The picture Riley paints of Indian Country inhabitants too is horrific. In approximately 21 separate vignettes, he documents specific incidents of crime. Ranging from stories of fathers sexually assaulting their own children to stories of youth murdering friends and relatives, these accounts certainly portray those residing in Indian Country as the “monsters” Riley has previously invoked. Interestingly enough, though, in only 2 examples does Riley ever mention the existence of non-Indian perpetrators. In the 3rd of the series, he speaks briefly to the issue of non-Indian employees embezzling from tribal casinos and in the following paragraph mentions that Mexican cartels take advantage of jurisdictional confusion to sell meth and other drugs on reservations. Neither of these mentions contains specific accounts or the names of individual perpetrators as his other vignettes do. Nor in any other vignette is a non-Indian perpetrator identified. All assailants are either designated as Native or their ethnicity is left undesignated.29 This is extremely problematic since it has been well-documented that in at least 86% of the reported cases of sexual assault against Native women, the perpetrators have been identified as non-Native men.30 We also know that “currently, the average Indian reservation has more nonIndian residents than Indian residents.”31 By omitting such critical and contextual information, portrayals like the Denver Post's simply exacerbate widespread and stereotypical perceptions of Indian people as inherently violent, criminal, and damaged.
That the TLOA leaves unchallenged, and actually relies upon, negative and disparaging perceptions of indigeneity speaks volumes to its potential to further solidify white supremacy and colonialism. Violence against Native women does exist. Substance abuse and poverty in Native communities also exist. And these realities must be spoken if they are ever to be redressed. But, they must be spoken of more complexly, in ways that account for and interrogate the colonialism, racism, and heteropatriarchy they are entwined with. If this is not done, like damage-centered research that ultimately pathologizes that which it investigates, damagecentered legislation such as the TLOA will further pathologize the Native communities it purports to “protect.” Such pathologization is not trivial. It aids in reproducing hegemony and justifying the biopolitical regulation of marginalized communities.
The Tribal Law and Order Act and Native Criminality
One provision of the TLOA that has garnered considerable attention from Natives and non-Natives alike is the increase in sentencing authority of tribal courts.
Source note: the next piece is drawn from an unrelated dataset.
(* Let $\mathbf{e}_0\in\mathbb{P}\mathrm{iez}$ with leading harmonic part $\mathbf{h}_0$ and $\mathbf{g}_0=\mathbf{e}_0-\mathbf{h}_0$. Then $$\min_{\mathbf{e}\in\overline{\Sigma}_{[\mathbb{O}^-]}}\|\mathbf{e}_0-\mathbf{e}\|^2=\|\mathbf{g}_0\|^2+\min_{\mathbf{h}\in\mathbb{H}^3(\mathbb{R}^3),\ \mathbf{d}_2'(\mathbf{h})=0}\|\mathbf{h}_0-\mathbf{h}\|^2,$$ and $\mathbf{e}$ is a minimizer of the left-hand problem if and only if $\mathbf{e}=\mathbf{h}$ with $\mathbf{h}$ a minimizer of $\|\mathbf{h}_0-\mathbf{h}\|^2$ over $\{\mathbf{h}\in\mathbb{H}^3(\mathbb{R}^3):\mathbf{d}_2'(\mathbf{h})=0\}$ (a 7-variable polynomial optimization problem).
   Context: $\mathbb{P}\mathrm{iez}=\{\mathbf{e}\in\otimes^3\mathbb{R}^3: \mathrm{e}_{ijk}=\mathrm{e}_{ikj}\}$ with $\mathrm{O}(3)$-action $(g\cdot\mathbf{e})_{ijk}=g_{ia}g_{jb}g_{kc}\mathrm{e}_{abc}$ and norm $\|\mathbf{e}\|^2=\mathrm{e}_{ijk}\mathrm{e}_{ijk}$. $\mathbf{q}=(\delta_{ij})$. $(\mathbf{e}^s)_{ijk}=\frac13(\mathrm{e}_{ijk}+\mathrm{e}_{jik}+\mathrm{e}_{kji})$, $u_i=(\mathbf{e}^s)_{ikk}$, $(\mathbf{q}\odot\mathbf{u})_{ijk}=\frac13(\delta_{ij}u_k+\delta_{ik}u_j+\delta_{jk}u_i)$; the leading harmonic part of $\mathbf{e}$ is $\mathbf{h}=\mathbf{e}^s-\frac35\mathbf{q}\odot\mathbf{u}$. $\mathbb{H}^3(\mathbb{R}^3)$ is the 7-dimensional space of totally symmetric traceless third-order tensors. For $\mathbf{h}\in\mathbb{H}^3(\mathbb{R}^3)$: $(\mathbf{d}_2)_{ij}=h_{ikl}h_{klj}$, $\mathbf{d}_2'(\mathbf{h})=\mathbf{d}_2-\frac13\operatorname{tr}(\mathbf{d}_2)\mathbf{q}$. $\mathbb{O}^-\subset\mathrm{O}(3)$ is the group of orthogonal transformations preserving the regular tetrahedron with vertices $(1,1,1),(1,-1,-1),(-1,1,-1),(-1,-1,1)$. $\overline{\Sigma}_{[\mathbb{O}^-]}=\{\mathbf{e}\in\mathbb{P}\mathrm{iez}:\exists g\in\mathrm{O}(3),\ k\cdot\mathbf{e}=\mathbf{e}\ \forall k\in g\mathbb{O}^-g^{-1}\}$. *)

theory Defs
  imports "HOL-Analysis.Analysis"
begin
Under the Indian Civil Rights Act and its amendments prior to the TLOA, tribal justice systems had been limited to imposing a maximum one-year sentence and $5,000 fine upon any Indian offender who commits a crime within their respective jurisdictions (regardless of the severity of the crime committed).32 The TLOA increases the maximum sentence a tribal court may impose from one to three years and it increases the maximum fine from $5,000 to $15,000. It also stipulates, however, that if a tribal court chooses to sentence an Indian individual to more than one year imprisonment, that court must honor due process rights (as they are defined by the United States) by providing legal counsel to the Indian defendant and requiring that the judge presiding over the matter be licensed to practice law.33
While this provision of the Act has been hailed for taking criminal activity in Indian communities more seriously, it has also provoked controversy for three primary reasons. First, some argue that the mandatory costs associated with increased sentencing authority might further drain already limited, and in some places non-existing, tribal resources.34 Secondly, the sentencing maximums are “shockingly low”35 in relation to the severity of the crimes they attempt to address, especially when considered in light of national sentencing averages which are 136 months for rape and 92 months for other sexual assaults.36 Thirdly, the provision does nothing to alter tribal sentencing authority over non-Natives which, as I mentioned earlier, commit at least 86% of the reported cases of sexual assault against Native women. Thus, federal efforts to solely increase the consequences of Native-inflicted instances of crime seem extremely limited in scope. In this way, the TLOA appears to respond to recommendations made by Amnesty and Native advocates to end impunity for abusers without actually acknowledging that the majority of violent crimes committed against Native women continue to be perpetrated by individuals outside the scope of the TLOA.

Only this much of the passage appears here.